Whenever a line in the listing contains "iteration", copy that line.

============

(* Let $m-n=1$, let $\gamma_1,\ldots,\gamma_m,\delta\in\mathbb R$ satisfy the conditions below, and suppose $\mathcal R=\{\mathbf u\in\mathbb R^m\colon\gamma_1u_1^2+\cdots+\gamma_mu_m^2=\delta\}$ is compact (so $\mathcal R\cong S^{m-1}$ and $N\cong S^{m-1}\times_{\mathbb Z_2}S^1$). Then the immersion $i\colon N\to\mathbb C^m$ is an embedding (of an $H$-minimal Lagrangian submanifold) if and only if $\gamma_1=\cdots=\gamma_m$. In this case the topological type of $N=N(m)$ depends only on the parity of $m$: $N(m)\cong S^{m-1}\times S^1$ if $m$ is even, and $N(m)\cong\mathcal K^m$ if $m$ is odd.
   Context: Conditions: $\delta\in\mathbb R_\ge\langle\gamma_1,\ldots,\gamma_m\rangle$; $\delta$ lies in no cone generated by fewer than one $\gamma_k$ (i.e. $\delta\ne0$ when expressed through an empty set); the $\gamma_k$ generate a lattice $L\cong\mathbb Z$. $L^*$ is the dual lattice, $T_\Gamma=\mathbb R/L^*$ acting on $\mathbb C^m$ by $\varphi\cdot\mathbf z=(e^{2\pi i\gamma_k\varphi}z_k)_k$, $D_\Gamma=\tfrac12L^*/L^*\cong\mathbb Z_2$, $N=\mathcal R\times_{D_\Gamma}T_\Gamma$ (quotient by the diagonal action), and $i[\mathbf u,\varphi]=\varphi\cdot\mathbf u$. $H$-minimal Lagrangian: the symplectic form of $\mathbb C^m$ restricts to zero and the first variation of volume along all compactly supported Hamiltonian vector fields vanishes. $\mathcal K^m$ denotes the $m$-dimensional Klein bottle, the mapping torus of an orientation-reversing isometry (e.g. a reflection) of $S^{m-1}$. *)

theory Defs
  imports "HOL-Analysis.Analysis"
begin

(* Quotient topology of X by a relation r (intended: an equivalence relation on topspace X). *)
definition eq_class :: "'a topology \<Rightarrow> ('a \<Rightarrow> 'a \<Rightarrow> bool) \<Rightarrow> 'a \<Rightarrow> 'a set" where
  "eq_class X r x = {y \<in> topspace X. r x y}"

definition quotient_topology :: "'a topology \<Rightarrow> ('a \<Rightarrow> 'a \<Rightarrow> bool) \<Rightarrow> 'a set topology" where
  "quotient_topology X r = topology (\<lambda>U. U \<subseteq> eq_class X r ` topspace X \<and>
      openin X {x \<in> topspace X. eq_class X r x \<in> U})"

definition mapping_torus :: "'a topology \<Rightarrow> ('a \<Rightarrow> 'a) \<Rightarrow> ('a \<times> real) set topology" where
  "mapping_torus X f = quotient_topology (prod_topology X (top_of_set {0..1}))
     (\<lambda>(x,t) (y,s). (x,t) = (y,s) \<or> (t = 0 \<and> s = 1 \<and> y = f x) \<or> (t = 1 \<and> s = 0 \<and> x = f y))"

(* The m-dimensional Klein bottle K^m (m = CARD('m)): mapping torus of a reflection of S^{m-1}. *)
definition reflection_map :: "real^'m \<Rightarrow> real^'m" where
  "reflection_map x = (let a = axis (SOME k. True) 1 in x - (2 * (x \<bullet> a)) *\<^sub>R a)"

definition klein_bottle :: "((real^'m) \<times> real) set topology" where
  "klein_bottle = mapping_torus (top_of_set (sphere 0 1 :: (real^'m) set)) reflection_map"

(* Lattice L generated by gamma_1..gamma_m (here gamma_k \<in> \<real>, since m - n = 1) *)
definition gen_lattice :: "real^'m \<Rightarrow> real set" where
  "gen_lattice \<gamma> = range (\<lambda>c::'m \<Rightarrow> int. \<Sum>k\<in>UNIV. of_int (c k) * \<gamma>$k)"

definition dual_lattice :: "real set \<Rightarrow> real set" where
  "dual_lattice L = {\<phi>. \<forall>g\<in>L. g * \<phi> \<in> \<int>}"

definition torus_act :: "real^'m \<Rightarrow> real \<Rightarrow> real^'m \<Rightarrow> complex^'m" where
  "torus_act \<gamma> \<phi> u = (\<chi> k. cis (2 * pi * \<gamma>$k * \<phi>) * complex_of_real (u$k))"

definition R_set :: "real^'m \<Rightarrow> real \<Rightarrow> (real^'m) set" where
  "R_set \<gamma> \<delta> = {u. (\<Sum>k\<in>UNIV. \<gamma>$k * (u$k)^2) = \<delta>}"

============

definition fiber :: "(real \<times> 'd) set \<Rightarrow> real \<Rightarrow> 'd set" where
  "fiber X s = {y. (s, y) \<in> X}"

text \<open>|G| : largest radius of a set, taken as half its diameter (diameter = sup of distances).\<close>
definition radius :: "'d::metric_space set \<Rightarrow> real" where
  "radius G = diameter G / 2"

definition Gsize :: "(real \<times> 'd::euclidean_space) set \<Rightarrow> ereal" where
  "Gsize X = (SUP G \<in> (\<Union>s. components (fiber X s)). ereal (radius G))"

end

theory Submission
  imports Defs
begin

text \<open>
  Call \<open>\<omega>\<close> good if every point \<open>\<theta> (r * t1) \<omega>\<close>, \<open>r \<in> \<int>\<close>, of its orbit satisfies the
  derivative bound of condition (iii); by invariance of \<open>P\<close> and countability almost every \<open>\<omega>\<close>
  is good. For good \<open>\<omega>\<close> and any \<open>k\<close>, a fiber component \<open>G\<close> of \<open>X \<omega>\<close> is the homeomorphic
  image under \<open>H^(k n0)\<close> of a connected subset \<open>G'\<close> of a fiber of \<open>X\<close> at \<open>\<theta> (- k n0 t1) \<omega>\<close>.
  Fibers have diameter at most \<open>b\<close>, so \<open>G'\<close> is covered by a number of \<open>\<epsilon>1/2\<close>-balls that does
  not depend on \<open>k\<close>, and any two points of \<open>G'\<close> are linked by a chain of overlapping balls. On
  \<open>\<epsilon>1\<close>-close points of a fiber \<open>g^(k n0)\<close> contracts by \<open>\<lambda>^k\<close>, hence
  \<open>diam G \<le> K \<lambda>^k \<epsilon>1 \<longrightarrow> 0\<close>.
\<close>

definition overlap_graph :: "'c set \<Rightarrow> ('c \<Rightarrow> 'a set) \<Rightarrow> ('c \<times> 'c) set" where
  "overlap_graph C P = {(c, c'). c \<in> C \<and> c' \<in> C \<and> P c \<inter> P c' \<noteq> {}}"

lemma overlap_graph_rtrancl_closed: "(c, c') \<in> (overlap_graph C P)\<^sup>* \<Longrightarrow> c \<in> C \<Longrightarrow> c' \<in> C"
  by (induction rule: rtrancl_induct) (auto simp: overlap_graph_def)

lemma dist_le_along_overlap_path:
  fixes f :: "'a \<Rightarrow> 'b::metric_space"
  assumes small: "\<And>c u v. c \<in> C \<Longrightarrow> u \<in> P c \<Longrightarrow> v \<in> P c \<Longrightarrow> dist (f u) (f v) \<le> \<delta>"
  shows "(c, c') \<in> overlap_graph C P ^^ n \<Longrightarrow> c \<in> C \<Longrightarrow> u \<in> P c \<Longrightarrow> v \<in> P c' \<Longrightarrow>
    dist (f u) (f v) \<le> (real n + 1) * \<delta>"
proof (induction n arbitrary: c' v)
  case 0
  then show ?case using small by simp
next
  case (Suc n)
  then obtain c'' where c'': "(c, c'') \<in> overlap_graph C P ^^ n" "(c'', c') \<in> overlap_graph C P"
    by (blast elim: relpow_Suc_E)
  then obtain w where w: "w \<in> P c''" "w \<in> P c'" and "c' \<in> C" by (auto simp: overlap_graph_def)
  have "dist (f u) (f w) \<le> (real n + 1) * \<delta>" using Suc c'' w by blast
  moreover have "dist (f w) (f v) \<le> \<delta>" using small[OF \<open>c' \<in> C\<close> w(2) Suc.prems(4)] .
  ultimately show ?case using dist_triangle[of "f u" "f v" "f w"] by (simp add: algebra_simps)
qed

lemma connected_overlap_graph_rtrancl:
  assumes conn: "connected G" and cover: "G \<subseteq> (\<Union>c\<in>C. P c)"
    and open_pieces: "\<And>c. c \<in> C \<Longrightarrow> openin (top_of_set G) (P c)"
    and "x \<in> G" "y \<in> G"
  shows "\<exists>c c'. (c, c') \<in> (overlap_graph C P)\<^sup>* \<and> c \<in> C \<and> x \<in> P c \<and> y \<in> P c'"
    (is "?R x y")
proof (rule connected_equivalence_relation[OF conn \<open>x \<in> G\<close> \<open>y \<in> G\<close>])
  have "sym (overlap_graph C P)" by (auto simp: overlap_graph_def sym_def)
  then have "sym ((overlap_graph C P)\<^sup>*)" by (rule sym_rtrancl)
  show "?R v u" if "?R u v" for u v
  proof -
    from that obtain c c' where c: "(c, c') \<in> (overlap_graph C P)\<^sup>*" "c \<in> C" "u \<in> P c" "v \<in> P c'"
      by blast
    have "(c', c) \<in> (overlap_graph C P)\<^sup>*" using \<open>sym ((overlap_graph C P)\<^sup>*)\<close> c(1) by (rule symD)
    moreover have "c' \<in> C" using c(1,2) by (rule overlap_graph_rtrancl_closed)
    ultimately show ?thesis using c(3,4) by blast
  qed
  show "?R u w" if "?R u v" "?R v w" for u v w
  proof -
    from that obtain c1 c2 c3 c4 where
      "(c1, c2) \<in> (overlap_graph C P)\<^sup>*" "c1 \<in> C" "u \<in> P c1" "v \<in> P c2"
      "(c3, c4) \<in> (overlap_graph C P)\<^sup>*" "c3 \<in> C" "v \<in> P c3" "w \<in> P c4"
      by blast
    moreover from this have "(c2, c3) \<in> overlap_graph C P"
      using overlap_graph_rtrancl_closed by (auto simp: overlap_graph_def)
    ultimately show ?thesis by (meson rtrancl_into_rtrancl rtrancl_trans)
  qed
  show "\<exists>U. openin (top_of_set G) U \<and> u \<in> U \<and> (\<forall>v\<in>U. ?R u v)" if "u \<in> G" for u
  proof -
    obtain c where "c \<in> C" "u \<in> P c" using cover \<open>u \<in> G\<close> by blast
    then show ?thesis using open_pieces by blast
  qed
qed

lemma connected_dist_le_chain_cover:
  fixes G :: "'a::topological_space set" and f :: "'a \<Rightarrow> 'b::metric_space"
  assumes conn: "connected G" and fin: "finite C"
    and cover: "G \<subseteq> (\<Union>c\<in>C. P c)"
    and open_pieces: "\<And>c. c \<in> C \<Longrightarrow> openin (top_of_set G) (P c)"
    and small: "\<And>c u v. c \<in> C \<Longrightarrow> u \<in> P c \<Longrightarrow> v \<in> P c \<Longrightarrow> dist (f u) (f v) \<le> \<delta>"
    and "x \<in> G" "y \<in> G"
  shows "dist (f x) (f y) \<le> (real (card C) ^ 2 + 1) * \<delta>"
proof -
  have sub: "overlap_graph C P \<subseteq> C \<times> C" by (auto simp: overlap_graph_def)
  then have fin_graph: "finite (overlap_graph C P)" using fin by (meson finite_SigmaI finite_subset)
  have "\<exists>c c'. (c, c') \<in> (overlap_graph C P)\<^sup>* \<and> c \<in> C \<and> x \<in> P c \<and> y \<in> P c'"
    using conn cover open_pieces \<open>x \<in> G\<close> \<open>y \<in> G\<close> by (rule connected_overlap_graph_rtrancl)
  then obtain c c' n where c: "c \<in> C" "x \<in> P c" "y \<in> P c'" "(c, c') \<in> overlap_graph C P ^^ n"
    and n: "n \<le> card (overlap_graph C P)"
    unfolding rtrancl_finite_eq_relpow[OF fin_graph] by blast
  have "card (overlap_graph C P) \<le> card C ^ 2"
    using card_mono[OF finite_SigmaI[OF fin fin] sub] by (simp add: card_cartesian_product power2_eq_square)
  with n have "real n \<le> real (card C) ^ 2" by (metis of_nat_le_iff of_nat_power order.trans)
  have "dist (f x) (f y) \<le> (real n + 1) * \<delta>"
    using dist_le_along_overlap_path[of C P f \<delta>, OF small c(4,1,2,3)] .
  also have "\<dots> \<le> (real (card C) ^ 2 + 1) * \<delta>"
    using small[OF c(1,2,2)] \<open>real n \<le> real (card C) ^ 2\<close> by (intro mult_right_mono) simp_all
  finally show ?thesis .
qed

============

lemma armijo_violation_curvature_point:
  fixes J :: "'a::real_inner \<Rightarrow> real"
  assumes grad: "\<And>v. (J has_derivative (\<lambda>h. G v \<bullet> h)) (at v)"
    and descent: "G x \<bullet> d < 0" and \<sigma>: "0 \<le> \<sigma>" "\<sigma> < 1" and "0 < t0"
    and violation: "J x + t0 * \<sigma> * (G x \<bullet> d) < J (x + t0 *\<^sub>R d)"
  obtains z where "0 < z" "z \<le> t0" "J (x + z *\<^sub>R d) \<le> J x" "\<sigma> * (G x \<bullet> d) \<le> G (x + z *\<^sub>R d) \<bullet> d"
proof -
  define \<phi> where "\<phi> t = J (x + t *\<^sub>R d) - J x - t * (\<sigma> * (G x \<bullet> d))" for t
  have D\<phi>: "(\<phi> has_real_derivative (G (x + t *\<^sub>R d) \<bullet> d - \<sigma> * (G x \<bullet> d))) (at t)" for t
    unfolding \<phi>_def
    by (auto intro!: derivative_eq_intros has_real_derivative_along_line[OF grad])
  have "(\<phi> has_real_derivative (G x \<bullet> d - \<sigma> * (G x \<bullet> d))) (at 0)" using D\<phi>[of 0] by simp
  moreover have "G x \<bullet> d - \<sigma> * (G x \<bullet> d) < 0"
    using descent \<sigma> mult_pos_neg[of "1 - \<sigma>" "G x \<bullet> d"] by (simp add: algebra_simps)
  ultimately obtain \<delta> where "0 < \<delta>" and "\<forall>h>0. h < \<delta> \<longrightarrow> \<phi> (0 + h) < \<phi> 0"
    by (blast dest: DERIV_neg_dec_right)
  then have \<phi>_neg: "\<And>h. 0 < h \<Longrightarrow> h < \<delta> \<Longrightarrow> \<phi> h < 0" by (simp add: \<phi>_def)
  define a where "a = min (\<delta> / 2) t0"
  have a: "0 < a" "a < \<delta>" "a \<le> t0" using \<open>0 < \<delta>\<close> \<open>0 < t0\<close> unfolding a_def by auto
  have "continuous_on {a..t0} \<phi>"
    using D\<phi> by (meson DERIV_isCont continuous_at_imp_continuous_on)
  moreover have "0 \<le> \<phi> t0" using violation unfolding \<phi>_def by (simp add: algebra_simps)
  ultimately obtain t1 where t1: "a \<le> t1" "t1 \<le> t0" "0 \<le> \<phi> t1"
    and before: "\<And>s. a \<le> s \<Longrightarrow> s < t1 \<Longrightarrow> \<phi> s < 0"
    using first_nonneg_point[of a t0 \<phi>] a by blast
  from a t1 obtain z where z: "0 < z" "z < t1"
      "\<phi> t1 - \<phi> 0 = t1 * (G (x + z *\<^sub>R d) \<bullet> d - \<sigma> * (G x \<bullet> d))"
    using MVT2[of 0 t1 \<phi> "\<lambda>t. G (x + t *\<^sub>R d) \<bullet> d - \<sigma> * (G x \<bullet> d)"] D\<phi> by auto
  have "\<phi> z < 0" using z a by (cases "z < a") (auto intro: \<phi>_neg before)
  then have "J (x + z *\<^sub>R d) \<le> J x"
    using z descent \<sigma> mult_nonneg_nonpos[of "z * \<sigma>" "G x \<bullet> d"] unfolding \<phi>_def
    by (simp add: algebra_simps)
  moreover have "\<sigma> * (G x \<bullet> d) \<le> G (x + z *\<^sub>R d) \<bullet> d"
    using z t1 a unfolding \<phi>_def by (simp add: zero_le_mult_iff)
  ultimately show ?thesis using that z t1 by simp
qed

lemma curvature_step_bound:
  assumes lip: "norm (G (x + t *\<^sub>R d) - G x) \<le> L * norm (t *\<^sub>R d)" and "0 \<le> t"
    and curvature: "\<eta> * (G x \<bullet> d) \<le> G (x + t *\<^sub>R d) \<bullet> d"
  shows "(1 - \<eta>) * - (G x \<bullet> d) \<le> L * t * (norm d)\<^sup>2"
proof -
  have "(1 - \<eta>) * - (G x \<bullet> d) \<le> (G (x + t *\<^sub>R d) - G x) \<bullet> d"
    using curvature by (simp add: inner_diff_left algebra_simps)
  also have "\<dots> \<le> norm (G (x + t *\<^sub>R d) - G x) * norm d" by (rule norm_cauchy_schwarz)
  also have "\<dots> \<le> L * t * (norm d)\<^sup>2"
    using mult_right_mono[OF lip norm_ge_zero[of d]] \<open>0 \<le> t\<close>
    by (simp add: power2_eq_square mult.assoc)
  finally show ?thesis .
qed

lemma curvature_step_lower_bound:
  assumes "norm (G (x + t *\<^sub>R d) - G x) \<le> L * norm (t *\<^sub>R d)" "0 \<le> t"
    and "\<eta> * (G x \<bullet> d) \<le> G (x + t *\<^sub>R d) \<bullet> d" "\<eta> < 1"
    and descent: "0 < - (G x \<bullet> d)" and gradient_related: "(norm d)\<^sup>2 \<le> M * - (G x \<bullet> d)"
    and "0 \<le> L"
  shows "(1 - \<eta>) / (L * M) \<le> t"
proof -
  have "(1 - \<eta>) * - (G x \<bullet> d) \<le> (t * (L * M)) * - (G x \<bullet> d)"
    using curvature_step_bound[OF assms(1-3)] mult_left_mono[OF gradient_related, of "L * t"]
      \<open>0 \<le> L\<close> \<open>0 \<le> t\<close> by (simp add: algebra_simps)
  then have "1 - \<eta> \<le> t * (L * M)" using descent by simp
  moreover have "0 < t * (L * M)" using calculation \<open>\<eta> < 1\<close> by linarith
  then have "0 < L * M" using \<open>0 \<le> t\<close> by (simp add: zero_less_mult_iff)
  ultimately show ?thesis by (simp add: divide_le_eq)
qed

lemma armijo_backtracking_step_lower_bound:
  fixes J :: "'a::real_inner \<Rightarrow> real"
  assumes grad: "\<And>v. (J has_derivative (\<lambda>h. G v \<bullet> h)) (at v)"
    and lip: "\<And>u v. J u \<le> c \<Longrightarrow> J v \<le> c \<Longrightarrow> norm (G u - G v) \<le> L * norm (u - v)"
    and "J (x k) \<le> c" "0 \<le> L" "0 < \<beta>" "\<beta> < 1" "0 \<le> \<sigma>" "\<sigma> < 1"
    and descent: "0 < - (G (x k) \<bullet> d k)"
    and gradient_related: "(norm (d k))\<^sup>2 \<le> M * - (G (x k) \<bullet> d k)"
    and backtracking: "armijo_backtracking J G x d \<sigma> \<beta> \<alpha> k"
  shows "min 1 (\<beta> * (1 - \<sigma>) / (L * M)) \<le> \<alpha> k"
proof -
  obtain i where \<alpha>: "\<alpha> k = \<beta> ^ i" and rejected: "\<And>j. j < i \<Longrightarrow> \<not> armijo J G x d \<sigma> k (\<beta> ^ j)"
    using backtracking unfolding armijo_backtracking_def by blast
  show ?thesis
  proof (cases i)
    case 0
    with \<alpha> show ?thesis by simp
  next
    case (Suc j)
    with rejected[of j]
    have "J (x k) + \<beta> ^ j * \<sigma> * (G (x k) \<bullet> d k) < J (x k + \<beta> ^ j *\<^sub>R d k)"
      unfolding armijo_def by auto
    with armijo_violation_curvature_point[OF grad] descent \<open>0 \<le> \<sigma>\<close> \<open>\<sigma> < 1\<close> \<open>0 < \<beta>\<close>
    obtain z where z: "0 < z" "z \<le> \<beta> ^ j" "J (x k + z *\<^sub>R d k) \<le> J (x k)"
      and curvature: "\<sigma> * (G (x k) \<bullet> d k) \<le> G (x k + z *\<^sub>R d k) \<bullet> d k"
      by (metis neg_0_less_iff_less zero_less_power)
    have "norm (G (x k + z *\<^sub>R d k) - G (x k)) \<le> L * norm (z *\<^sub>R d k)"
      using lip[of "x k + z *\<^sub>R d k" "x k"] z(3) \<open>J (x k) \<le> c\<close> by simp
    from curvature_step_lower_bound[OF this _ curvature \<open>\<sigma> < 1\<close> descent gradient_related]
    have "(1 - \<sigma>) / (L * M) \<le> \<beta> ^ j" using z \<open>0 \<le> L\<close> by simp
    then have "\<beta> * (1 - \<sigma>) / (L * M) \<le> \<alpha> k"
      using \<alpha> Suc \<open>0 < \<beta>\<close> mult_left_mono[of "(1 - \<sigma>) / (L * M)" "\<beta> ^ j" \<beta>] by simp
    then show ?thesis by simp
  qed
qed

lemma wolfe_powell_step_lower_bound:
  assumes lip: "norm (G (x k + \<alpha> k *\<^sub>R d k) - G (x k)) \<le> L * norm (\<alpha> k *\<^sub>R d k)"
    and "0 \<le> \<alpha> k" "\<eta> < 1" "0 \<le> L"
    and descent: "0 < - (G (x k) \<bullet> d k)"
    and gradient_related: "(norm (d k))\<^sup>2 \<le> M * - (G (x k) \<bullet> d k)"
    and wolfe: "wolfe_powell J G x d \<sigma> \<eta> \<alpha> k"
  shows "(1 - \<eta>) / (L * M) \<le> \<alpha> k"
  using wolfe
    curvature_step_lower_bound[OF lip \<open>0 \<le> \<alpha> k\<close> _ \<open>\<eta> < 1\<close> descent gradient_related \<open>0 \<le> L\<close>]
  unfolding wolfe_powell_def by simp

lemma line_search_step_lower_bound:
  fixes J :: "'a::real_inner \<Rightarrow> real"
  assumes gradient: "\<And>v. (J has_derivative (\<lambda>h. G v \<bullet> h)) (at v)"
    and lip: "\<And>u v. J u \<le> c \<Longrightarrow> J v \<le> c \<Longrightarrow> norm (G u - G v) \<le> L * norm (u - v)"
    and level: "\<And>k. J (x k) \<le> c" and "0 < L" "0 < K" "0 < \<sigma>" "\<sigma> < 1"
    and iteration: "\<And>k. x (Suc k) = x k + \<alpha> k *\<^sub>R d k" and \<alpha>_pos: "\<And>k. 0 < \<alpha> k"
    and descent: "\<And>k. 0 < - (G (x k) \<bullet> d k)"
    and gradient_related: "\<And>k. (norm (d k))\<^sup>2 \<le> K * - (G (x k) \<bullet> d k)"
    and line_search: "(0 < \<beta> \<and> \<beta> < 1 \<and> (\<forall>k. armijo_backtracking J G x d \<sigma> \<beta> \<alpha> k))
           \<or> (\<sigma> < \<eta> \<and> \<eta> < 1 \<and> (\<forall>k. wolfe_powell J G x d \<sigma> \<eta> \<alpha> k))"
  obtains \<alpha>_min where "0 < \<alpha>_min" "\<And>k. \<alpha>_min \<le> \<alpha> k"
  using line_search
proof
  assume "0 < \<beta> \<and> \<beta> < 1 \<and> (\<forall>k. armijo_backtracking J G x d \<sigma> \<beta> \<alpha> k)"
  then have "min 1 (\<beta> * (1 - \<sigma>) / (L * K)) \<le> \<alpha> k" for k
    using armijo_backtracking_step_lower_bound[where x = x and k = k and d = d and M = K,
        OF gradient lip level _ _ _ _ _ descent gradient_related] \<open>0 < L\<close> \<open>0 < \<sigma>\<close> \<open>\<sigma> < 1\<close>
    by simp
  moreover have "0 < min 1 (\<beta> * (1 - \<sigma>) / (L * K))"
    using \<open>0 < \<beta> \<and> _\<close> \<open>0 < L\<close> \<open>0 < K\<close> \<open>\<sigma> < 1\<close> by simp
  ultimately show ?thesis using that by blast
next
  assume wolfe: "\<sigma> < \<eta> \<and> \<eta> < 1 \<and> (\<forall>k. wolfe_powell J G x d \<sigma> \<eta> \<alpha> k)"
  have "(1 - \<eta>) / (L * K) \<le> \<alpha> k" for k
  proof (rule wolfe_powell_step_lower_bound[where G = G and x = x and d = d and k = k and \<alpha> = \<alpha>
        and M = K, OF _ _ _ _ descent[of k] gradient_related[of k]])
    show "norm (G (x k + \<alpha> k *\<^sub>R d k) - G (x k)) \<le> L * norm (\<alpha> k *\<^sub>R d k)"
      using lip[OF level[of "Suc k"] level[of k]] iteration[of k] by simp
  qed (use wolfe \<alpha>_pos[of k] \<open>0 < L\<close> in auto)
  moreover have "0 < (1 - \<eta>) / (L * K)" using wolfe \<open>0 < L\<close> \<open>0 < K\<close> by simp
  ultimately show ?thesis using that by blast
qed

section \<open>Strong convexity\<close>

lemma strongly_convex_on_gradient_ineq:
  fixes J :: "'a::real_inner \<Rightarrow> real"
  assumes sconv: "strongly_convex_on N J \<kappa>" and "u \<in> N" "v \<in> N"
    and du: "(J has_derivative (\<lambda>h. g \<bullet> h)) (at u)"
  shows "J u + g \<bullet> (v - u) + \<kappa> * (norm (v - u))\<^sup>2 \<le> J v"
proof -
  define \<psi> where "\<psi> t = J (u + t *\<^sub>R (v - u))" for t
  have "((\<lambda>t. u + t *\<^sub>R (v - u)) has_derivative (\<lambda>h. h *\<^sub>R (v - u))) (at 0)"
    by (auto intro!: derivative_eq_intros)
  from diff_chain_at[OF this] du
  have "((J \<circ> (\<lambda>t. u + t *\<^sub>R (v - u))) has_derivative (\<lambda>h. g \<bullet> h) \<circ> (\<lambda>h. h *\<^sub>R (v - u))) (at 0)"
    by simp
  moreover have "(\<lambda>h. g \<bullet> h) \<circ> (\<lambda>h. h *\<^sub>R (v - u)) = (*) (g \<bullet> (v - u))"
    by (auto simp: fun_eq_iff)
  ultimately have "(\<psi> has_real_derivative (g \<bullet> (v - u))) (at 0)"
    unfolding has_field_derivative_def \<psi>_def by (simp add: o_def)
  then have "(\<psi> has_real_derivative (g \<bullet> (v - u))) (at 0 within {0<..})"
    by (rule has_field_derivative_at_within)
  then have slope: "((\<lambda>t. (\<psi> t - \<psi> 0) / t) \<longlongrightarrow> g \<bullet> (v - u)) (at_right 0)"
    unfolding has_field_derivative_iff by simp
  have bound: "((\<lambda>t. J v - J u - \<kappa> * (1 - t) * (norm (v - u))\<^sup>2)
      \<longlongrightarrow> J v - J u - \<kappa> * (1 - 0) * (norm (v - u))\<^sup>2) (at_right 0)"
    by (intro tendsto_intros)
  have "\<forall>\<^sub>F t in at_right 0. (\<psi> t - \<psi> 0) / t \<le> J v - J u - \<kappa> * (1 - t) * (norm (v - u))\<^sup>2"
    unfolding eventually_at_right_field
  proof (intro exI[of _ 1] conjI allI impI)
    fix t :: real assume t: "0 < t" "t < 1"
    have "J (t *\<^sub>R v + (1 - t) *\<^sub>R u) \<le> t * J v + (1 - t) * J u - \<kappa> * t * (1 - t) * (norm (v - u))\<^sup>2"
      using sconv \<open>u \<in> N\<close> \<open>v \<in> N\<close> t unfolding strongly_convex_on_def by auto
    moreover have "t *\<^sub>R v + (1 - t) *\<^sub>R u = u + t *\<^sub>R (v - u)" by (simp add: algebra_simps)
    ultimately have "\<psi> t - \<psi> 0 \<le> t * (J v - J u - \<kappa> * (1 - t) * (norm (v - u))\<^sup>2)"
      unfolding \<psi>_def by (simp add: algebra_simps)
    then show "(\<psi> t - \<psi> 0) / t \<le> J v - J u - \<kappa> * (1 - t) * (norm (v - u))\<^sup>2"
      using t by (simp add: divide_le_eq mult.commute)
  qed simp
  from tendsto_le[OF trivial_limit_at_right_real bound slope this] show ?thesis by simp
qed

============

» **Exercise answer**:
    and iteration: "\<And>k. x (Suc k) = x k + \<alpha> k *\<^sub>R d k" and \<alpha>_pos: "\<And>k. 0 < \<alpha> k"
      using lip[OF level[of "Suc k"] level[of k]] iteration[of k] by simp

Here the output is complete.